For prime powers like $4$ and $9$, there are primitive roots, and all exponentiation can be put in terms of powers of these primitive roots. Once you have expressed your exponentiation in terms of these primitive roots, it is straightforward to relate exponentiation of different integers in terms of the powers of the primitive roots locally for each prime. Then you can again combine with the Chinese Remainder Theorem to deduce more general relationships.

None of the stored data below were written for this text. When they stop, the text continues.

lemma qshift_eq_qpoch:
  assumes "0 < q"
  shows "qshift q x n = qpoch (q powr (2 * x)) (q\<^sup>2) n / (1 - q\<^sup>2) ^ n"
proof -
  have "qnum q (x + real k) = (1 - q powr (2 * x) * (q\<^sup>2) ^ k) / (1 - q\<^sup>2)" for k
  proof -
    have "q powr (2 * (x + real k)) = q powr (2 * x) * q powr (real (2 * k))"
      by (simp add: distrib_left powr_add)
    also have "q powr (real (2 * k)) = (q\<^sup>2) ^ k"
      using assms by (simp only: powr_realpow power_mult)
    finally show ?thesis
      by (simp add: qnum_def)
  qed
  then show ?thesis
    by (simp add: qshift_def qpoch_def prod_dividef)
qed

lemma qfact_eq_qpoch:
  assumes "0 < q"
  shows "qfact q n = qpoch (q\<^sup>2) (q\<^sup>2) n / (1 - q\<^sup>2) ^ n"
proof -
  have "qnum q (real (Suc k)) = (1 - q\<^sup>2 * (q\<^sup>2) ^ k) / (1 - q\<^sup>2)" for k
  proof -
    have "q powr (2 * real (Suc k)) = q powr (real (2 * Suc k))"
      by simp
    also have "\<dots> = q ^ (2 * Suc k)"
      using assms by (rule powr_realpow)
    also have "\<dots> = q\<^sup>2 * (q\<^sup>2) ^ k"
      by (simp only: power_mult power_Suc)
    finally show ?thesis
      unfolding qnum_def by (rule arg_cong)
  qed
  moreover have "qfact q n = (\<Prod>k<n. qnum q (real (Suc k)))"
    unfolding qfact_def by (rule prod.reindex_bij_witness[where i = Suc and j = "\<lambda>k. k - 1"]) auto
  ultimately show ?thesis
    by (simp add: qpoch_def prod_dividef)
qed

lemma powr_cube:
  assumes "0 < u"
  shows "(u ^ 3) powr (real k / 3) = u ^ k"
proof -
  have "(u ^ 3) powr (real k / 3) = (u powr 3) powr (real k / 3)"
    using assms by (simp add: powr_realpow)
  also have "\<dots> = u powr real k"
    by (simp add: powr_powr)
  also have "\<dots> = u ^ k"
    using assms by (rule powr_realpow)
  finally show ?thesis .
qed

lemma qshift_cube:
  assumes "0 < u"
  shows "qshift (u ^ 3) (real j / 6) n = qpoch (u ^ j) (u ^ 6) n / (1 - u ^ 6) ^ n"
proof -
  have "(u ^ 3) powr (2 * (real j / 6)) = u ^ j"
    using powr_cube[OF assms, of j] by simp
  then show ?thesis
    using assms by (simp add: qshift_eq_qpoch power_mult[symmetric])
qed

lemma qshift_cube_Suc:
  assumes "0 < u"
  shows "qshift (u ^ 3) (real j / 6) (Suc n)
    = (1 - u ^ j) * qpoch (u ^ (j + 6)) (u ^ 6) n / ((1 - u ^ 6) * (1 - u ^ 6) ^ n)"
  unfolding qshift_cube[OF assms] qpoch_Suc_shift by (simp add: power_add)

lemma qfact_cube:
  assumes "0 < u"
  shows "qfact (u ^ 3) n = qpoch (u ^ 6) (u ^ 6) n / (1 - u ^ 6) ^ n"
  using assms by (simp add: qfact_eq_qpoch power_mult[symmetric])

lemma qnum_cube:
  assumes "0 < u"
  shows "qnum (u ^ 3) (real j / 6) = (1 - u ^ j) / (1 - u ^ 6)"
proof -
  have "(u ^ 3) powr (2 * (real j / 6)) = u ^ j"
    using powr_cube[OF assms, of j] by simp
  then show ?thesis
    by (simp add: qnum_def power_mult[symmetric])
qed

definition tele_ratio :: "real \<Rightarrow> nat \<Rightarrow> real" where
  "tele_ratio u m = (qpoch (u ^ 9) (u ^ 6) m)\<^sup>2 * qpoch (u ^ 8) (u ^ 6) m * qpoch (u ^ 4) (u ^ 6) m
    / ((qpoch (u ^ 6) (u ^ 6) m)\<^sup>2 * qpoch (u ^ 7) (u ^ 6) m * qpoch (u ^ 11) (u ^ 6) m)"

definition tele_const :: "real \<Rightarrow> real" where
  "tele_const u = (1 - u ^ 6) * (1 - u ^ 3) * u\<^sup>2 / ((1 - u\<^sup>2) * (1 - u ^ 5))"

lemma tele_ratio_Suc:
  assumes "x = (u ^ 6) ^ m"
  shows "tele_ratio u (Suc m) = tele_ratio u m
     * ((1 - u ^ 9 * x)\<^sup>2 * (1 - u ^ 8 * x) * (1 - u ^ 4 * x)
        / ((1 - u ^ 6 * x)\<^sup>2 * (1 - u ^ 7 * x) * (1 - u ^ 11 * x)))"
  unfolding assms tele_ratio_def qpoch_Suc times_divide_times_eq power_mult_distrib
  by (simp only: mult_ac)

lemma tele_factor_identity:
  fixes u x :: real
  shows "(1 - u ^ 6 * x)\<^sup>2 * (1 - u ^ 7 * x) * (1 - u ^ 11 * x)
       - (1 - u ^ 9 * x)\<^sup>2 * (1 - u ^ 8 * x) * (1 - u ^ 4 * x)
     = (1 - u ^ 15 * x\<^sup>2) * (1 - u ^ 3) * (1 - u\<^sup>2)\<^sup>2 * u ^ 4 * x"
  by algebra

lemma cube_factors_nonzero:
  assumes "0 < u" "u < 1" "0 < j" "x = (u ^ 6) ^ m"
  shows "1 - u ^ j \<noteq> 0" "1 - u ^ j * x \<noteq> 0" "qpoch (u ^ j) (u ^ 6) m \<noteq> 0"
  using power_mult_less_one[of u j 1] power_mult_less_one[of u j x] qpoch_power_pos[of u j 6 m] assms
  by (simp_all add: power_le_one)

lemma tele_ratio_diff:
  assumes "0 < u" "u < 1" and x: "x = (u ^ 6) ^ m"
  shows "tele_ratio u m - tele_ratio u (Suc m) = tele_ratio u m
     * ((1 - u ^ 15 * x\<^sup>2) * (1 - u ^ 3) * (1 - u\<^sup>2)\<^sup>2 * u ^ 4 * x
        / ((1 - u ^ 6 * x)\<^sup>2 * (1 - u ^ 7 * x) * (1 - u ^ 11 * x)))"
proof -
  have denom_nz: "(1 - u ^ 6 * x)\<^sup>2 * (1 - u ^ 7 * x) * (1 - u ^ 11 * x) \<noteq> 0"
    using cube_factors_nonzero(2)[OF assms(1,2) _ x] by simp
  have factor: "1 - (1 - u ^ 9 * x)\<^sup>2 * (1 - u ^ 8 * x) * (1 - u ^ 4 * x)
        / ((1 - u ^ 6 * x)\<^sup>2 * (1 - u ^ 7 * x) * (1 - u ^ 11 * x))
      = (1 - u ^ 15 * x\<^sup>2) * (1 - u ^ 3) * (1 - u\<^sup>2)\<^sup>2 * u ^ 4 * x
        / ((1 - u ^ 6 * x)\<^sup>2 * (1 - u ^ 7 * x) * (1 - u ^ 11 * x))"
    unfolding tele_factor_identity[of u x, symmetric] diff_divide_distrib divide_self[OF denom_nz] ..
  have "a - a * r = a * (1 - r)" for a r :: real
    by (simp add: right_diff_distrib)
  then show ?thesis
    unfolding tele_ratio_Suc[OF x] factor[symmetric] .
qed

definition summand :: "real \<Rightarrow> nat \<Rightarrow> real" where
  "summand q n = (1 - q ^ (4 * Suc n + 1)) * (qshift q (1/2) (Suc n))\<^sup>2 * qshift q (1/3) (Suc n)
      * qshift q (2/3) n
    / ((1 - q\<^sup>2) * (qfact q (Suc n))\<^sup>2 * qshift q (7/6) (Suc n) * qshift q (5/6) (Suc n + 1))
    * q ^ (2 * Suc n)"

lemma summand_telescopes:
  assumes "0 < u" "u < 1"
  shows "summand (u ^ 3) m = tele_const u * (tele_ratio u m - tele_ratio u (Suc m))"
proof -
  \<comment> \<open>Naming the factors keeps \<open>field_simps\<close> from multiplying out the binomials.\<close>
  define x where "x = (u ^ 6) ^ m"
  define e where "e = 1 - u ^ 6"
  define a where "a j = qpoch (u ^ j) (u ^ 6) m" for j
  define b where "b j = 1 - u ^ j" for j :: nat
  define c where "c j = 1 - u ^ j * x" for j :: nat
  define y where "y = u ^ 4 * x"
  define w where "w = 1 - u ^ 15 * x\<^sup>2"
  have qs: "qshift (u ^ 3) (real j / 6) n = qpoch (u ^ j) (u ^ 6) n / e ^ n" for j n
    using qshift_cube[OF assms(1)] by (simp add: e_def)
  have qs_Suc: "qshift (u ^ 3) (real j / 6) (Suc m) = b j * a (j + 6) / (e * e ^ m)" for j
    using qshift_cube_Suc[OF assms(1), of j m] by (simp add: a_def b_def e_def)
  have qp_Suc: "qpoch (u ^ j) (u ^ 6) (Suc m) = a j * c j" for j
    by (simp add: qpoch_Suc a_def c_def x_def)
  have "qshift (u ^ 3) (1/2) (Suc m) = b 3 * a 9 / (e * e ^ m)"
    using qs_Suc[of 3] by simp
  moreover have "qshift (u ^ 3) (1/3) (Suc m) = b 2 * a 8 / (e * e ^ m)"
    using qs_Suc[of 2] by simp
  moreover have "qshift (u ^ 3) (2/3) m = a 4 / e ^ m"
    using qs[of 4 m] by (simp add: a_def)
  moreover have "qshift (u ^ 3) (7/6) (Suc m) = a 7 * c 7 / (e * e ^ m)"
    using qs[of 7 "Suc m"] by (simp add: qp_Suc)
  moreover have "qshift (u ^ 3) (5/6) (Suc m + 1) = b 5 * (a 11 * c 11) / (e * (e * e ^ m))"
    using qs[of 5 "Suc (Suc m)"] qpoch_Suc_shift[of "u ^ 5" "u ^ 6" "Suc m"] qp_Suc[of 11]
    by (simp add: power_add b_def)
  moreover have "qfact (u ^ 3) (Suc m) = a 6 * c 6 / (e * e ^ m)"
    using qfact_cube[OF assms(1), of "Suc m"] qp_Suc[of 6] by (simp add: e_def)
  moreover have "1 - (u ^ 3) ^ (4 * Suc m + 1) = w"
    by (simp add: w_def x_def power_mult[symmetric] power_add[symmetric])
  moreover have "(u ^ 3) ^ (2 * Suc m) = u\<^sup>2 * y"
    by (simp add: x_def y_def power_mult[symmetric] power_add[symmetric])
  moreover have "1 - (u ^ 3)\<^sup>2 = e"
    by (simp add: e_def power_mult[symmetric])
  ultimately have "summand (u ^ 3) m = w * (b 3 * a 9 / (e * e ^ m))\<^sup>2
      * (b 2 * a 8 / (e * e ^ m)) * (a 4 / e ^ m)
    / (e * (a 6 * c 6 / (e * e ^ m))\<^sup>2 * (a 7 * c 7 / (e * e ^ m))
       * (b 5 * (a 11 * c 11) / (e * (e * e ^ m)))) * (u\<^sup>2 * y)"
    unfolding summand_def by simp
  also have "\<dots> = e * b 3 * u\<^sup>2 / (b 2 * b 5) * ((a 9)\<^sup>2 * a 8 * a 4 / ((a 6)\<^sup>2 * a 7 * a 11)
      * (w * b 3 * (b 2)\<^sup>2 * y / ((c 6)\<^sup>2 * c 7 * c 11)))"
  proof -
    note nz = cube_factors_nonzero[OF assms _ x_def, folded a_def b_def c_def]
    have "e \<noteq> 0"
      using nz(1)[of 6] by (simp add: b_def e_def)
    then show ?thesis
      using nz(3)[of 4] nz(3)[of 6] nz(3)[of 7] nz(3)[of 8] nz(3)[of 9] nz(3)[of 11]
        nz(1)[of 2] nz(1)[of 3] nz(1)[of 5] nz(2)[of 6] nz(2)[of 7] nz(2)[of 11] assms
      by (simp add: field_simps power2_eq_square)
  qed
  also have "\<dots> = tele_const u * (tele_ratio u m - tele_ratio u (Suc m))"
    unfolding tele_ratio_diff[OF assms x_def]
    by (simp add: tele_const_def tele_ratio_def a_def b_def c_def e_def w_def y_def)
  finally show ?thesis .
qed

definition tele_limit :: "real \<Rightarrow> real" where
  "tele_limit u = (qpoch_inf (u ^ 9) (u ^ 6))\<^sup>2 * qpoch_inf (u ^ 8) (u ^ 6)
      * qpoch_inf (u ^ 4) (u ^ 6)
    / ((qpoch_inf (u ^ 6) (u ^ 6))\<^sup>2 * qpoch_inf (u ^ 7) (u ^ 6) * qpoch_inf (u ^ 11) (u ^ 6))"

lemma LIMSEQ_tele_ratio:
  assumes "0 < u" "u < 1"
  shows "tele_ratio u \<longlonglongrightarrow> tele_limit u"
proof -
  have u_lt: "u ^ j < 1" if "0 < j" for j
    using assms that by (simp add: power_less_one_iff)
  have p: "\<bar>u ^ 6\<bar> < 1"
    using assms u_lt[of 6] by simp
  have "qpoch_inf (u ^ j) (u ^ 6) \<noteq> 0" if "0 < j" for j
    using assms u_lt[OF that] u_lt[of 6] by (intro qpoch_inf_nonzero) simp_all
  then show ?thesis
    unfolding tele_ratio_def[abs_def] tele_limit_def
    by (intro tendsto_intros LIMSEQ_qpoch[OF p]) simp
qed

lemma summand_sums:
  assumes "0 < u" "u < 1"
  shows "summand (u ^ 3) sums (tele_const u * (1 - tele_limit u))"
proof -
  have "summand (u ^ 3) = (\<lambda>n. tele_const u * (tele_ratio u n - tele_ratio u (Suc n)))"
    using summand_telescopes[OF assms] by blast
  moreover have "tele_ratio u 0 = 1"
    by (simp add: tele_ratio_def)
  ultimately show ?thesis
    using sums_mult[OF telescope_sums'[OF LIMSEQ_tele_ratio[OF assms]], of "tele_const u"] by simp
qed

lemma tele_limit_closed_form:
  assumes "0 < u" "u < 1"
  shows "tele_const u * tele_limit u = qnum (u ^ 3) (1/6) / ((qnum (u ^ 3) (1/3))\<^sup>2 * qnum (u ^ 3) (1/2))
      * (qpoch_inf ((u ^ 3) powr (4/3)) ((u ^ 3)\<^sup>2) * qpoch_inf ((u ^ 3) powr (2/3)) ((u ^ 3)\<^sup>2)
         * (u ^ 3) powr (11/12))
      / (qpoch_inf ((u ^ 3) powr (1/3)) ((u ^ 3)\<^sup>2) * qpoch_inf ((u ^ 3) powr (5/3)) ((u ^ 3)\<^sup>2)
         * qpi (u ^ 3))"
  (is "?lhs = ?rhs")
proof -
  define Q where "Q j = qpoch_inf (u ^ j) (u ^ 6)" for j :: nat
  define b where "b j = 1 - u ^ j" for j :: nat
  define r where "r = (u ^ 3) powr (1/4)"
  have u_lt: "u ^ j < 1" if "0 < j" for j
    using assms that by (simp add: power_less_one_iff)
  have p: "\<bar>u ^ 6\<bar> < 1"
    using assms u_lt[of 6] by simp
  have Q_nz: "Q j \<noteq> 0" if "0 < j" for j
    unfolding Q_def using assms u_lt[OF that] u_lt[of 6] by (intro qpoch_inf_nonzero) simp_all
  have b_nz: "b j \<noteq> 0" if "0 < j" for j
    using u_lt[OF that] by (simp add: b_def)
  have Q_shift: "Q j = b j * Q (j + 6)" for j
    unfolding Q_def b_def by (subst qpoch_inf_shift[OF p]) (simp add: power_add)
  have powr_third: "(u ^ 3) powr (real k / 3) = u ^ k" for k
    using powr_cube[OF assms(1)] .
  have "(u ^ 3) powr (11/12) = r * u\<^sup>2"
    using powr_add[of "u ^ 3" "1/4" "2/3"] powr_third[of 2] by (simp add: r_def)
  moreover have "(u ^ 3) powr (4/3) = u ^ 4" "(u ^ 3) powr (2/3) = u\<^sup>2"
      "(u ^ 3) powr (1/3) = u ^ 1" "(u ^ 3) powr (5/3) = u ^ 5"
    using powr_third[of 4] powr_third[of 2] powr_third[of 1] powr_third[of 5] by simp_all
  moreover have "qnum (u ^ 3) (1/6) = b 1 / b 6" "qnum (u ^ 3) (1/3) = b 2 / b 6"
      "qnum (u ^ 3) (1/2) = b 3 / b 6"
    using qnum_cube[OF assms(1), of 1] qnum_cube[OF assms(1), of 2] qnum_cube[OF assms(1), of 3]
    by (simp_all add: b_def)
  moreover have "qpi (u ^ 3) = b 6 * r * (Q 6)\<^sup>2 / (Q 3)\<^sup>2"
    by (simp add: qpi_def Q_def b_def r_def power_mult[symmetric])
  moreover have "(u ^ 3)\<^sup>2 = u ^ 6"
    by (simp add: power_mult[symmetric])
  ultimately have rhs: "?rhs = b 1 / b 6 / ((b 2 / b 6)\<^sup>2 * (b 3 / b 6))
      * (Q 4 * Q 2 * (r * u\<^sup>2)) / (Q 1 * Q 5 * (b 6 * r * (Q 6)\<^sup>2 / (Q 3)\<^sup>2))"
    by (simp only: Q_def)
  have lhs: "?lhs = b 6 * b 3 * u\<^sup>2 / (b 2 * b 5) * ((Q 9)\<^sup>2 * Q 8 * Q 4 / ((Q 6)\<^sup>2 * Q 7 * Q 11))"
    by (simp add: tele_const_def tele_limit_def b_def Q_def)
  have "0 < r"
    using assms by (simp add: r_def)
  then show ?thesis
    unfolding lhs rhs Q_shift[of 1] Q_shift[of 2] Q_shift[of 3] Q_shift[of 5]
    using Q_nz[of 4] Q_nz[of 6] Q_nz[of 7] Q_nz[of 8] Q_nz[of 9] Q_nz[of 11]
      b_nz[of 1] b_nz[of 2] b_nz[of 3] b_nz[of 5] b_nz[of 6] assms
    by (simp add: field_simps power2_eq_square)
qed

This requires some work, though. This doesn't necessarily require making the whole multiplication table, but it does require having primitive roots and knowing how to express integers in terms of these roots --- and this frequently does entail having a multiplication table.

Answer 2

CRT yields a ring isomorphism $\, \Bbb Z_{36}\cong \Bbb Z_4\times \Bbb Z_9\,$ via $\,n\mapsto (n\bmod 4,\,n\bmod 9).\,$ Here $\Bbb Z_4\times \Bbb Z_9$ is a product ring, i.e. the set of pairs $\,(a_1,a_2),\ a_1\in \Bbb Z_4,\, a_2\in \Bbb Z_9$ with pointwise sum and product

$$ \begin{align} (a_1,a_2) + (b_1,b_2) &\,=\, (a_1+ b_1,\ a_2 + b_2)\\[.2em] (a_1,a_2)\ \cdot\ (b_1,b_2) &\,=\, (a_1 \ \cdot\ b_1,\ a_2\ \cdot\ b_2)\\[.2em] \Longrightarrow\ \ (a_1,\,a_2)^n\! &\,=\, (a_1^n,\ a_2^n) \end{align}\qquad$$

and where equality is pointwise congruence, i.e.

$$(a_1,a_2) = (b_1,b_2) \iff \begin{align} &a_1\equiv b_1\!\!\!\pmod{\!4}\\ \&\ \ &a_2\equiv b_2\!\!\!\pmod{\!9}\end{align}\qquad$$

Notice $\ 8\in\Bbb Z_{36}\,$ maps to $\,(0,-1),\,$ by $\,8\equiv 0\pmod{\!4},\ \ 8\equiv -1\pmod{\!9}$
and $\,{-}10\in \Bbb Z_{36}\,$ maps to $\,(2,-1)$.

Therefore $\,8^n$ maps to $\,(0,-1)^n = (0^n,(-1)^n) = (0,(-1)^n)$
and $\ (-10)^n\,$ maps to $\,(2,-1)^n = (\color{#c00}{2^n},(-1)^n) = (\color{#c00}0,(-1)^n)\,$ for $\,n\ge 2\,$ by $\,\color{#c00}{2^n\equiv 0}\pmod{\!4}$

So for $\,n\ge 2\,$ the CRT isomorphism maps $\,8^n\,$ and $\,(-10)^n\,$ to the same element, hence they must also be the same element in $\,\Bbb Z_{36},\,$ i.e congruent $\!\bmod 36,\,$ since an isomorphism is in particular a bijection of sets.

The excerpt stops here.